A number of experts and authors see drugs such as Ritalin as representative of the way we live and not as something that belongs primarily to the field of medical pathology . In the present context, it would not be possible to argue in favor or against the views expressed in these books. But I would claim that their opinion points out the need to maintain a broader perspective beyond the purely medical dimension. Behavior is tied up with norms which can be categorized into acceptable or non-acceptable. When dealing with disruptive behavior we must be aware of what standard for the term normal can be used and how to apply. Equally, we need to be aware of the demands that we as adults make on children, demands that arise from our own desires.

If, for example, there is evidence of over-diagnosis or that giving medication has been to a great extent influenced by profit, then this not only raises immense moral issues. but also a clear violation of another clause of the Hippocratic oath. According to the modern version of the oath used in many medical schools, the doctor swears that he/she will ‘apply, for the benefit of the sick, all measures which are required, avoiding a double edge sword of overtreatment and therapeutic nihilism’. Medication that alters behavior may potentially violate both, because when it is excessive it results in overtreatment and it is nihilistic when it ignores all other possibilities beyond the medical dimension.
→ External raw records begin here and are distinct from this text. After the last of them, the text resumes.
lemma matrix_inv_nth_real_differentiable:
  fixes F :: "real \<Rightarrow> real^'n::finite^'n"
  assumes deriv: "\<And>a b. ((\<lambda>t. F t $ a $ b) has_real_derivative F' $ a $ b) (at t0)"
    and "det (F t0) \<noteq> 0"
  shows "(\<lambda>t. matrix_inv (F t) $ a $ b) differentiable (at t0)"
proof -
  define C where "C t = (\<chi> i m. if m = a then axis b 1 $ i else F t $ i $ m)" for t
  define C' where "C' = (\<chi> i m. if m = a then 0 else F' $ i $ m)"
  have dC: "((\<lambda>t. C t $ i $ m) has_real_derivative C' $ i $ m) (at t0)" for i m
    by (cases "m = a") (simp_all add: C_def C'_def deriv)
  obtain N' D' where quotient: "((\<lambda>t. det (C t) / det (F t)) has_real_derivative
      (N' * det (F t0) - det (C t0) * D') / (det (F t0) * det (F t0))) (at t0)"
    using DERIV_divide[OF has_real_derivative_det_rows[OF dC] has_real_derivative_det_rows[OF deriv]
        assms(2)] by blast
  have cramer_ev: "\<forall>\<^sub>F t in nhds t0. det (C t) / det (F t) = matrix_inv (F t) $ a $ b"
    using eventually_det_nz[OF assms] by eventually_elim (simp add: matrix_inv_nth_cramer C_def)
  show ?thesis
    unfolding real_differentiable_def using DERIV_cong_ev[OF refl cramer_ev refl] quotient by blast
qed
definition cond_frame :: "'w set \<Rightarrow> ('w \<Rightarrow> 'w \<Rightarrow> bool) \<Rightarrow> ('w set \<Rightarrow> 'w \<Rightarrow> 'w \<Rightarrow> bool) \<Rightarrow> bool" where
  "cond_frame X le R \<longleftrightarrow>
     X \<noteq> {} \<and>
     (\<forall>x y. le x y \<longrightarrow> x \<in> X \<and> y \<in> X) \<and>
     (\<forall>x\<in>X. le x x) \<and>
     (\<forall>x y z. le x y \<longrightarrow> le y z \<longrightarrow> le x z) \<and>
     (\<forall>a. upset X le a \<longrightarrow> (\<forall>x y. R a x y \<longrightarrow> x \<in> X \<and> y \<in> X)) \<and>
     (\<forall>a. upset X le a \<longrightarrow>
        (\<forall>x y z. le x y \<longrightarrow> R a y z \<longrightarrow> (\<exists>w. R a x w \<and> le w z)))"

fun sat :: "'w set \<Rightarrow> ('w \<Rightarrow> 'w \<Rightarrow> bool) \<Rightarrow> ('w set \<Rightarrow> 'w \<Rightarrow> 'w \<Rightarrow> bool)
            \<Rightarrow> (nat \<Rightarrow> 'w set) \<Rightarrow> 'w \<Rightarrow> form \<Rightarrow> bool" where
  "sat X le R V x (Var n) = (x \<in> V n)"
| "sat X le R V x Bot = False"
| "sat X le R V x (And a b) = (sat X le R V x a \<and> sat X le R V x b)"
| "sat X le R V x (Or a b) = (sat X le R V x a \<or> sat X le R V x b)"
| "sat X le R V x (Imp a b) =
     (\<forall>y\<in>X. le x y \<longrightarrow> sat X le R V y a \<longrightarrow> sat X le R V y b)"
| "sat X le R V x (Cond a b) =
     (\<forall>y. R {z\<in>X. sat X le R V z a} x y \<longrightarrow> sat X le R V y b)"

definition valid_frame :: "'w set \<Rightarrow> ('w \<Rightarrow> 'w \<Rightarrow> bool) \<Rightarrow> ('w set \<Rightarrow> 'w \<Rightarrow> 'w \<Rightarrow> bool) \<Rightarrow> form \<Rightarrow> bool" where
  "valid_frame X le R \<phi> \<longleftrightarrow>
     (\<forall>V. (\<forall>n. upset X le (V n)) \<longrightarrow> (\<forall>x\<in>X. sat X le R V x \<phi>))"

definition sICL_frame :: "'w set \<Rightarrow> ('w \<Rightarrow> 'w \<Rightarrow> bool) \<Rightarrow> ('w set \<Rightarrow> 'w \<Rightarrow> 'w \<Rightarrow> bool) \<Rightarrow> bool" where
  "sICL_frame X le R \<longleftrightarrow> cond_frame X le R \<and>
     (\<forall>a. upset X le a \<longrightarrow>
        (\<forall>x\<in>X. \<forall>y\<in>X. R a x y \<longrightarrow> le x y) \<and>
        (\<forall>x\<in>X. \<forall>y\<in>X. R a x y \<longrightarrow> (\<exists>u v. R a x u \<and> R a u v \<and> le v y)))"

end

theory Submission
  imports Defs
begin
text \<open>Integers prime to p are units: from a Bezout relation u p + v m = 1 and |p| < 1.\<close>

lemma nv_coprime:
  assumes "\<not> p dvd m"
  shows "nv (of_nat m) = 1"
proof (rule ccontr)
  assume "nv (of_nat m) \<noteq> 1"
  then have m_small: "nv (of_nat m :: 'a) < 1" using nv_of_nat_le[of m] by simp
  have "coprime (int p) (int m)" using assms prime_p by (simp add: prime_imp_coprime)
  then have "gcd (int p) (int m) = 1" by simp
  then obtain u v :: int where "u * int p + v * int m = 1"
    using bezout_int[of "int p" "int m"] by metis
  then have bezout: "(1::'a) = of_int u * of_nat p + of_int v * of_nat m"
    by (metis of_int_1 of_int_add of_int_mult of_int_of_nat_eq)
  have p_small: "nv (of_nat p :: 'a) < 1" using nv_p prime_gt_1_nat[OF prime_p] by simp
  have small: "nv (of_int w * x :: 'a) < 1" if "nv x < 1" for w x
  proof -
    have "nv (of_int w :: 'a) * nv x \<le> nv x"
      by (rule mult_left_le_one_le[OF nv_nonneg nv_nonneg nv_of_int_le])
    with that show ?thesis by (simp add: nv_mult)
  qed
  have "nv (of_int u * of_nat p :: 'a) < 1" "nv (of_int v * of_nat m :: 'a) < 1"
    using small p_small m_small by auto
  moreover have "nv (1::'a) \<le> max (nv (of_int u * of_nat p :: 'a)) (nv (of_int v * of_nat m))"
    by (subst bezout) (rule nv_ultra)
  ultimately show False by simp
qed

lemma nv_two: "nv (2::'a) = 1"
proof -
  have "\<not> p dvd 2"
  proof
    assume "p dvd 2"
    then have "p \<le> 2" by (simp add: dvd_imp_le)
    then have "p = 2" using prime_gt_1_nat[OF prime_p] by simp
    then show False using odd_p by simp
  qed
  then show ?thesis using nv_coprime[of 2] by simp
qed

text \<open>The key arithmetic input: a nonzero integer m satisfies |m| \<ge> 1/m, since its
  p-adic valuation is at most log_p m.\<close>

lemma nv_of_nat_ge: "m > 0 \<Longrightarrow> nv (of_nat m :: 'a) \<ge> 1 / real m"
proof (induction m rule: less_induct)
  case (less m)
  show ?case
  proof (cases "p dvd m")
    case True
    then obtain k where k: "m = p * k" by blast
    with less.prems have k_pos: "k > 0" by simp
    have "k < m" using k k_pos prime_gt_1_nat[OF prime_p] by simp
    then have "1 / real k \<le> nv (of_nat k :: 'a)" using less.IH k_pos by blast
    then have "(1 / real p) * (1 / real k) \<le> (1 / real p) * nv (of_nat k :: 'a)"
      by (intro mult_left_mono) auto
    then show ?thesis by (simp add: k nv_mult nv_p)
  next
    case False
    then show ?thesis using nv_coprime less.prems by simp
  qed
qed

lemma nv_of_int_ge: "m \<noteq> 0 \<Longrightarrow> nv (of_int m :: 'a) \<ge> 1 / real_of_int \<bar>m\<bar>"
proof -
  assume "m \<noteq> 0"
  moreover have "nv (of_int m :: 'a) = nv (of_nat (nat \<bar>m\<bar>) :: 'a)"
    by (cases m rule: int_cases2) auto
  ultimately show ?thesis using nv_of_nat_ge[of "nat \<bar>m\<bar>"] by simp
qed

lemma nv_le_times_int:
  assumes c: "c \<noteq> 0" and bound: "nv (of_int c * x) \<le> C"
  shows "nv x \<le> C * real_of_int \<bar>c\<bar>"
proof -
  have c_ge: "nv (of_int c :: 'a) \<ge> 1 / real_of_int \<bar>c\<bar>" using nv_of_int_ge[OF c] .
  have c_abs: "real_of_int \<bar>c\<bar> > 0" using c by simp
  then have "nv (of_int c :: 'a) > 0" using c_ge by (smt (verit) divide_pos_pos)
  then have "1 / real_of_int \<bar>c\<bar> * nv x \<le> C"
    using bound c_ge nv_nonneg[of x] by (smt (verit) mult_right_mono nv_mult)
  then show ?thesis using c_abs by (simp add: field_simps)
qed

end

section \<open>Integral and bounded power series\<close>

context witt_abs
begin

definition integ :: "'a fps \<Rightarrow> bool" where
  "integ f \<longleftrightarrow> (\<forall>k. nv (f $ k) \<le> 1)"

definition bnd :: "'a fps \<Rightarrow> bool" where
  "bnd f \<longleftrightarrow> (\<exists>C. \<forall>k. nv (f $ k) \<le> C)"

lemma fps_mult_nv_le:
  assumes "\<And>i. nv (f $ i) \<le> A" and "\<And>i. nv (g $ i) \<le> B"
  shows "nv ((f * g) $ k) \<le> A * B"
proof -
  have "A \<ge> 0" "B \<ge> 0" using assms(1)[of 0] assms(2)[of 0] nv_nonneg[of "f $ 0"] nv_nonneg[of "g $ 0"]
    by linarith+
  then show ?thesis unfolding fps_mult_nth
    by (intro nv_sum_le) (auto intro!: nv_mult_le assms)
qed

lemma integ_mult: "integ f \<Longrightarrow> integ g \<Longrightarrow> integ (f * g)"
  unfolding integ_def using fps_mult_nv_le[of f 1 g 1] by simp

lemma integ_add: "integ f \<Longrightarrow> integ g \<Longrightarrow> integ (f + g)"
  unfolding integ_def by (simp add: nv_add_le)

lemma integ_diff: "integ f \<Longrightarrow> integ g \<Longrightarrow> integ (f - g)"
  unfolding integ_def by (metis fps_sub_nth nv_add_le nv_minus diff_conv_add_uminus)

lemma integ_one: "integ 1"
  unfolding integ_def by (simp add: fps_one_nth)

lemma integ_X: "integ fps_X"
  unfolding integ_def by (simp add: fps_X_def)

lemma integ_const: "nv c \<le> 1 \<Longrightarrow> integ (fps_const c)"
  unfolding integ_def by simp

lemma integ_prod: "(\<And>i. i \<in> S \<Longrightarrow> integ (f i)) \<Longrightarrow> integ (prod f S)"
  by (induction S rule: infinite_finite_induct) (auto intro: integ_mult integ_one)

lemma bnd_integ: "integ f \<Longrightarrow> bnd f"
  unfolding integ_def bnd_def by blast

lemma bnd_add:
  assumes "bnd f" and "bnd g"
  shows "bnd (f + g)"
proof -
  obtain A B where fA: "\<And>k. nv (f $ k) \<le> A" and gB: "\<And>k. nv (g $ k) \<le> B"
    using assms unfolding bnd_def by blast
  have "nv ((f + g) $ k) \<le> max A B" for k
    using nv_add_le[OF max.coboundedI1[OF fA] max.coboundedI2[OF gB]] by simp
  then show ?thesis unfolding bnd_def by blast
qed

lemma bnd_zero: "bnd 0"
  unfolding bnd_def by auto

lemma bnd_sum: "(\<And>i. i \<in> S \<Longrightarrow> bnd (f i)) \<Longrightarrow> bnd (sum f S)"
  by (induction S rule: infinite_finite_induct) (auto intro: bnd_add bnd_zero)

lemma bnd_const_mult:
  assumes "bnd f"
  shows "bnd (fps_const c * f)"
proof -
  obtain A where "\<And>k. nv (f $ k) \<le> A" using assms unfolding bnd_def by blast
  then have "nv ((fps_const c * f) $ k) \<le> nv c * A" for k
    by (simp add: nv_mult_le)
  then show ?thesis unfolding bnd_def by blast
qed

text \<open>Dividing by a 1-unit V (integral, V(0) = 1) preserves any monotone coefficient
  bound: Y_k = Z_k - sum_{i \<ge> 1} V_i Y_{k-i}.\<close>

lemma div_bound:
  assumes V: "integ V" "V $ 0 = 1" and eq: "V * Y = Z"
    and M: "mono M" and Z: "\<And>k. nv (Z $ k) \<le> M k" and M_nonneg: "\<And>k. M k \<ge> 0"
  shows "nv (Y $ k) \<le> M k"
proof (induction k rule: less_induct)
  case (less k)
  define S where "S = (\<Sum>i=1..k. V $ i * Y $ (k - i))"
  have "Z $ k = (\<Sum>i=0..k. V $ i * Y $ (k - i))"
    unfolding eq[symmetric] fps_mult_nth by simp
  also have "\<dots> = Y $ k + S"
    using sum.atLeast_Suc_atMost[of 0 k "\<lambda>i. V $ i * Y $ (k - i)"] V(2) by (simp add: S_def)
  finally have Y_eq: "Y $ k = Z $ k - S" by simp
  have "nv S \<le> M k" unfolding S_def
  proof (rule nv_sum_le[OF _ M_nonneg])
    fix i assume i: "i \<in> {1..k}"
    have "nv (Y $ (k - i)) \<le> M (k - i)" using i by (intro less.IH) auto
    also have "\<dots> \<le> M k" using M by (simp add: monoD)
    moreover have "nv (V $ i) \<le> 1" using V(1) unfolding integ_def by blast
    ultimately show "nv (V $ i * Y $ (k - i)) \<le> M k"
      using nv_mult_le[of "V $ i" 1 "Y $ (k - i)" "M k"] by simp
  qed
  then show ?case using nv_diff[of "Z $ k" S] Z[of k] unfolding Y_eq by linarith
qed
definition graph_complement :: "nat \<Rightarrow> (nat \<Rightarrow> nat \<Rightarrow> bool) \<Rightarrow> nat \<Rightarrow> nat \<Rightarrow> bool" where
  "graph_complement n E u v \<longleftrightarrow> u < n \<and> v < n \<and> u \<noteq> v \<and> \<not> E u v"

text \<open>A concrete copy of C_3 \<union> ((n-4)/2) P_2 \<union> K_1 on {0..<n} (n even, n \<ge> 4):
  triangle on 0,1,2; vertex 3 isolated; edges {4,5},{6,7},...,{n-2,n-1}.\<close>
definition C3_matching_K1 :: "nat \<Rightarrow> nat \<Rightarrow> nat \<Rightarrow> bool" where
  "C3_matching_K1 n u v \<longleftrightarrow> u < n \<and> v < n \<and> u \<noteq> v \<and>
     ((u < 3 \<and> v < 3) \<or> (4 \<le> u \<and> 4 \<le> v \<and> u div 2 = v div 2))"

end

theory Submission
  imports Defs
begin

text \<open>If an N-AW graph E had more than (n choose 2) - (n/2 + 1) edges, its complement H would
  have at most n/2 edges. Two vertices with equal closed neighbourhoods in E receive the same
  toggles, so a labelling lighting only one of them cannot be won; hence the neighbourhoods in H
  are pairwise distinct, and with at most n/2 edges and n even this forces H to be a perfect
  matching. Then every closed neighbourhood in E has n - 1 elements, and summing all equations of
  the game for a single lit vertex modulo a prime p dividing both n - 1 and l gives 1 = 0 mod p.
  Conversely, for the complement of C_3 + ((n-4)/2) P_2 + K_1 every labelling of the form 2 c is
  reached exactly by an explicit integer toggle vector, and 2 is invertible modulo the odd l.\<close>

definition nbhd :: "nat \<Rightarrow> (nat \<Rightarrow> nat \<Rightarrow> bool) \<Rightarrow> nat \<Rightarrow> nat set" where
  "nbhd n E v = {u. u < n \<and> E v u}"

lemma card_ordered_pairs_lessThan: "card {(u, v). u < n \<and> v < n \<and> u < v} = n choose 2"
proof (induction n)
  case 0
  show ?case by simp
next
  case (Suc n)
  let ?P = "\<lambda>n. {(u, v). u < n \<and> v < n \<and> u < v}"
  have split: "?P (Suc n) = ?P n \<union> (\<lambda>u. (u, n)) ` {..<n}" by auto
  have "finite (?P n)" by (rule finite_subset[of _ "{..<n} \<times> {..<n}"]) auto
  then have "card (?P (Suc n)) = card (?P n) + card ((\<lambda>u. (u, n)) ` {..<n})"
    unfolding split by (intro card_Un_disjoint) auto
  also have "card ((\<lambda>u. (u, n)) ` {..<n}) = n" by (simp add: card_image inj_on_def)
  finally show ?case using Suc.IH by (simp add: numeral_2_eq_2)
qed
Both experts and non-experts see no problem in administering behavior modifying drugs to children. One of the arguments that support this view is that without the drug, troublesome children would be expelled, would stay away from school and might even drift to poverty or crime. There are two possible objections here which I will merely indicate. Firstly, the argument presupposes that, beyond the extreme cases, we are already in a position to determine when medication is necessary and when it is not. But this distinction is not always obvious and is the reason why some authors talk about a rise in ‘medicalization’ and ‘disease mongering’ as pharmaceutical companies attempt to create broad markets for their products. This medicalization and disease mongering involves among other things convincing people that light ailments are in fact serious, that a whole range of personal problems are in fact medical problems and that they are at risk from serious and widespread diseases . Within this context, pharmaceutical companies may even organize conferences supposedly to raise awareness of particular ‘conditions’ which in fact are designed to promote products targeted at those who ‘suffer’ from the condition.

Secondly, such an argument presents a false dilemma between drugs and a failed life and also presents a choice between these two extremities. In so doing, it completely leaves out the middle ground of the work, patience, imagination and commitment that is required to work with children whose behavior is regarded as troublesome. We first need to think of the obvious fact that children will behave like children and that educators and parents have a responsibility to respond to this with tolerance and knowledge. We must also reflect on adults’ priorities which set for their own lives, such as professional advancement, the creation of automatic obligations upon children to behave in certain ways. If there is a standard for the word ‘normal’ this should take into account what normal means from the perspective of children, not adults.

If we look at the rising figures of behavior-modifying drugs, we could conclude that there is indeed an epidemic of conditions that make them necessary. We could even admit that there is, in fact, no sudden outbreak of conditions such as ADHD, but that previously undiagnosed cases can now be diagnosed and treated effectively. Yet the overall picture surrounding drugs such as Ritalin does not seem to point in that direction. On the contrary, it points in the urgent need to look at all the surrounding non-medical aspects, some of which I have outlined above.